## [Exercise instructions]
Transcribe, word for word and without additions, each line below from the one containing "by (rule sum.reindex_bij_betw[OF" through the one containing "using relabelling_permutation[OF bij_betw_undirected_edge[OF", both ends included.

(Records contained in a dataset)
lemma P_rooted_edge_form:
  assumes \<pi>: "\<pi> permutes V" and "i \<in> V"
  shows "P_rooted V x i \<pi> = (\<Sum>\<phi>\<in>parent_maps V (\<pi> i). \<Prod>u\<in>V - {i}. \<Prod>a\<in>{\<pi> u, \<phi> (\<pi> u)}. x u a)"
proof -
  have "P_rooted V x i \<pi>
      = (\<Sum>p\<in>parent_maps V i. \<Prod>u\<in>V - {i}. x u (\<pi> u) * x u (conj_map V \<pi> p (\<pi> u)))"
    unfolding P_rooted_def by (intro sum.cong refl prod.cong) (simp add: conj_map_apply[OF \<pi>])
  also have "\<dots> = (\<Sum>\<phi>\<in>parent_maps V (\<pi> i). \<Prod>u\<in>V - {i}. x u (\<pi> u) * x u (\<phi> (\<pi> u)))"
    by (rule sum.reindex_bij_betw[OF bij_betw_conj_map[OF \<pi> \<open>i \<in> V\<close>]])
  also have "\<dots> = (\<Sum>\<phi>\<in>parent_maps V (\<pi> i). \<Prod>u\<in>V - {i}. \<Prod>a\<in>{\<pi> u, \<phi> (\<pi> u)}. x u a)"
  proof (intro sum.cong refl prod.cong)
    fix \<phi> u
    assume \<phi>: "\<phi> \<in> parent_maps V (\<pi> i)" and "u \<in> V - {i}"
    have "\<pi> u \<in> V - {\<pi> i}"
      using \<pi> \<open>u \<in> V - {i}\<close> by (rule permutes_apply_neq)
    then have "\<phi> (\<pi> u) \<noteq> \<pi> u"
      using parent_map_no_fixpoint[OF \<phi>] by blast
    then show "x u (\<pi> u) * x u (\<phi> (\<pi> u)) = (\<Prod>a\<in>{\<pi> u, \<phi> (\<pi> u)}. x u a)"
      by simp
  qed
  finally show ?thesis .
qed

lemma sum_edge_form_reroot:
  assumes \<phi>: "\<phi> \<in> parent_maps V c" and \<psi>: "\<psi> \<in> parent_maps V c'" and "c \<in> V" and "c' \<in> V"
    and edges: "undirected_edges V c \<phi> = undirected_edges V c' \<psi>"
  shows "(\<Sum>\<pi> | \<pi> permutes V \<and> \<pi> i = c. \<Prod>u\<in>V - {i}. \<Prod>a\<in>{\<pi> u, \<phi> (\<pi> u)}. x u a)
       = (\<Sum>\<pi> | \<pi> permutes V \<and> \<pi> i = c'. \<Prod>u\<in>V - {i}. \<Prod>a\<in>{\<pi> u, \<psi> (\<pi> u)}. x u a)"
proof -
  obtain \<sigma> where "\<sigma> permutes V" and "\<sigma> c = c'"
    and "\<forall>a\<in>V - {c}. {\<sigma> a, \<psi> (\<sigma> a)} = {a, \<phi> a}"
    using relabelling_permutation[OF bij_betw_undirected_edge[OF \<phi>]
        bij_betw_undirected_edge[OF \<psi>, folded edges] \<open>c \<in> V\<close> \<open>c' \<in> V\<close>] by blast
  then show ?thesis
    by (intro sum_permutes_relabel[where \<sigma>=\<sigma> and e="\<lambda>a. {a, \<phi> a}" and e'="\<lambda>a. {a, \<psi> a}"]) simp_all
qed

lemma sum_P_rooted_image_independent:
  assumes "i \<in> V" and "c \<in> V" and "c' \<in> V"
  shows "(\<Sum>\<pi> | \<pi> permutes V \<and> \<pi> i = c. P_rooted V x i \<pi>)
       = (\<Sum>\<pi> | \<pi> permutes V \<and> \<pi> i = c'. P_rooted V x i \<pi>)"
proof -
  have expand: "(\<Sum>\<pi> | \<pi> permutes V \<and> \<pi> i = d. P_rooted V x i \<pi>)
      = (\<Sum>\<phi>\<in>parent_maps V d. \<Sum>\<pi> | \<pi> permutes V \<and> \<pi> i = d.
           \<Prod>u\<in>V - {i}. \<Prod>a\<in>{\<pi> u, \<phi> (\<pi> u)}. x u a)" for d
  proof -
    have "(\<Sum>\<pi> | \<pi> permutes V \<and> \<pi> i = d. P_rooted V x i \<pi>)
        = (\<Sum>\<pi> | \<pi> permutes V \<and> \<pi> i = d. \<Sum>\<phi>\<in>parent_maps V d.
             \<Prod>u\<in>V - {i}. \<Prod>a\<in>{\<pi> u, \<phi> (\<pi> u)}. x u a)"
      using P_rooted_edge_form \<open>i \<in> V\<close> by (intro sum.cong refl) auto
    then show ?thesis
      by (simp add: sum.swap[where B="parent_maps V d"])
  qed
  show ?thesis
    unfolding expand
    by (rule sum_parent_maps_reroot[OF assms(2,3)]) (rule sum_edge_form_reroot[OF _ _ assms(2,3)])
qed

lemma doubly_stochastic_permute_columns:
  assumes x: "doubly_stochastic n x" and \<pi>: "\<pi> permutes {1..n}"
  shows "doubly_stochastic n (\<lambda>u v. x u (\<pi> v))"
  unfolding doubly_stochastic_def
proof (intro conjI ballI)
  fix u v
  assume "u \<in> {1..n}" and "v \<in> {1..n}"
  moreover have "\<pi> v \<in> {1..n}"
    using permutes_in_image[OF \<pi>] \<open>v \<in> {1..n}\<close> by blast
  ultimately show "x u (\<pi> v) \<ge> 0"
    using x unfolding doubly_stochastic_def by blast
next
  fix u
  assume "u \<in> {1..n}"
  then show "(\<Sum>v\<in>{1..n}. x u (\<pi> v)) = 1"
    using x sum.permute[OF \<pi>, of "x u"] by (simp add: doubly_stochastic_def comp_def)
next
  fix v
  assume "v \<in> {1..n}"
  then have "\<pi> v \<in> {1..n}"
    using permutes_in_image[OF \<pi>] by blast
  then show "(\<Sum>u\<in>{1..n}. x u (\<pi> v)) = 1"
    using x unfolding doubly_stochastic_def by blast
qed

## [Written response]
    by (rule sum.reindex_bij_betw[OF bij_betw_conj_map[OF \<pi> \<open>i \<in> V\<close>]])
  also have "\<dots> = (\<Sum>\<phi>\<in>parent_maps V (\<pi> i). \<Prod>u\<in>V - {i}. \<Prod>a\<in>{\<pi> u, \<phi> (\<pi> u)}. x u a)"
  proof (intro sum.cong refl prod.cong)
    fix \<phi> u
    assume \<phi>: "\<phi> \<in> parent_maps V (\<pi> i)" and "u \<in> V - {i}"
    have "\<pi> u \<in> V - {\<pi> i}"
      using \<pi> \<open>u \<in> V - {i}\<close> by (rule permutes_apply_neq)
    then have "\<phi> (\<pi> u) \<noteq> \<pi> u"
      using parent_map_no_fixpoint[OF \<phi>] by blast
    then show "x u (\<pi> u) * x u (\<phi> (\<pi> u)) = (\<Prod>a\<in>{\<pi> u, \<phi> (\<pi> u)}. x u a)"
      by simp
  qed
  finally show ?thesis .
qed

lemma sum_edge_form_reroot:
  assumes \<phi>: "\<phi> \<in> parent_maps V c" and \<psi>: "\<psi> \<in> parent_maps V c'" and "c \<in> V" and "c' \<in> V"
    and edges: "undirected_edges V c \<phi> = undirected_edges V c' \<psi>"
  shows "(\<Sum>\<pi> | \<pi> permutes V \<and> \<pi> i = c. \<Prod>u\<in>V - {i}. \<Prod>a\<in>{\<pi> u, \<phi> (\<pi> u)}. x u a)
       = (\<Sum>\<pi> | \<pi> permutes V \<and> \<pi> i = c'. \<Prod>u\<in>V - {i}. \<Prod>a\<in>{\<pi> u, \<psi> (\<pi> u)}. x u a)"
proof -
  obtain \<sigma> where "\<sigma> permutes V" and "\<sigma> c = c'"
    and "\<forall>a\<in>V - {c}. {\<sigma> a, \<psi> (\<sigma> a)} = {a, \<phi> a}"
    using relabelling_permutation[OF bij_betw_undirected_edge[OF \<phi>]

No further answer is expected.